In the Kraus lab at Northwestern University, the skills that interest us most are reading and speech-in-noise (SIN) perception. Significantly, musicians excel at these very activities. Our research has led us to measuring deep-brain electroencephalograph (EEG) in response to a variety of complex stimuli, and we
have found correlates in this subcortical activity to reading and listening-in-noise skills. A logical step was to look at the interaction between SIN perception and reading and the changes in biology brought about by active engagement with music.

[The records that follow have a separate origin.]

theorem lemma2p10:
  fixes A B :: "'a set" and E :: "'a \<Rightarrow> 'a \<Rightarrow> bool"
    and n :: nat and r \<phi> \<beta>1 \<beta>2 \<beta>3 \<gamma> :: real
  assumes G: "bipartite_graph A B E"
    and bal: "card A = card B" and n_def: "n = card A + card B"
    and r_pos: "r > 0" and phi_pos: "\<phi> > 0"
    and b1: "0 < \<beta>1" "\<beta>1 < 1" and b2: "0 < \<beta>2" "\<beta>2 < 1"
    and b3: "0 < \<beta>3" "\<beta>3 < 1" and g: "0 < \<gamma>" "\<gamma> < 1"
    and P1: "\<forall>v \<in> A \<union> B. real (degree E v) \<ge> r * (1 - \<beta>1)"
    and P2: "\<forall>X Y. X \<subseteq> A \<and> Y \<subseteq> B \<and> X \<noteq> {} \<and> card X = card Y \<and> real (card X) \<le> r / \<phi>
               \<longrightarrow> real (e_G E X Y) < r * \<beta>2 * real (card X)"
    and P3: "\<forall>X Y. X \<subseteq> A \<and> Y \<subseteq> B \<and> real (card X + card Y) > real n / 2
               \<and> real (min (card X) (card Y)) > r / \<phi>
               \<longrightarrow> real (e_G E X Y) \<ge> 2 * r * (1 - \<beta>3) * real (card X) * real (card Y) / real n"
    and P4: "\<gamma> \<ge> max \<beta>3 (\<beta>1 + \<beta>2)"
  shows "has_factor (A \<union> B) E (nat \<lfloor>r * (1 - \<gamma>)\<rfloor>)"
proof -
  define s where "s = nat \<lfloor>r * (1 - \<gamma>)\<rfloor>"
  have "real s \<le> r * (1 - \<gamma>)" using r_pos g by (simp add: s_def)
  moreover have "r * (1 - \<gamma>) \<le> r * (1 - \<beta>3)" "r * (1 - \<gamma>) \<le> r * (1 - \<beta>1) - r * \<beta>2"
    using P4 r_pos mult_left_mono[of "\<beta>1 + \<beta>2" \<gamma> r] mult_left_mono[of \<beta>3 \<gamma> r]
    by (auto simp: algebra_simps)
  ultimately have s_dense: "real s \<le> r * (1 - \<beta>3)" and s_sparse: "real s \<le> r * (1 - \<beta>1) - r * \<beta>2"
    by linarith+
  have dense: "\<forall>X Y. X \<subseteq> A \<and> Y \<subseteq> B \<and> real (card X + card Y) > real (card A + card B) / 2
                 \<and> real (min (card X) (card Y)) > r / \<phi>
                 \<longrightarrow> real (e_G E X Y) \<ge> 2 * (r * (1 - \<beta>3)) * real (card X) * real (card Y) / real (card A + card B)"
    using P3 n_def by (simp add: mult.assoc)
  have "s * card X \<le> e_G E X Y + s * (card B - card Y)" if "X \<subseteq> A" "Y \<subseteq> B" for X Y
    using deficiency_condition[OF G bal P1 P2 dense s_dense s_sparse that] .
  from bipartite_factor_criterion[OF G bal this] show ?thesis by (simp add: s_def)
qed

end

As we learn more about the auditory brainstem response to speech and musical sounds, one of the more interesting findings is that the same neural processes that are diminished in poor readers and individuals with difficulty hearing in noise are the same processes that are enhanced in musicians. The behavioral, cognitive, cortical, and subcortical advantages bestowed by musical training, serve to promote musical training as a logical strategy for improving basic sound transcription via the reinforcement of reciprocal subcortical-cortical processing interactions brought about, at least in part, by the strengthening of auditory memory and attention. This improved sound transcription, in turn, is a building block of phonological processing, reading, and the extraction of speech from background noise. Further work also can address the extent to which musical practice may serve as protection and remediation against hearing-loss or age-induced communication difficulties and a means to engender the formation of sound-to-meaning relationships that are so critical to human communication. The brainstem response can serve as a potent efficacy measure of music-based education due to its fidelity to the stimulus, its individual-subject reliability, its experience-dependent malleability and its selective nature.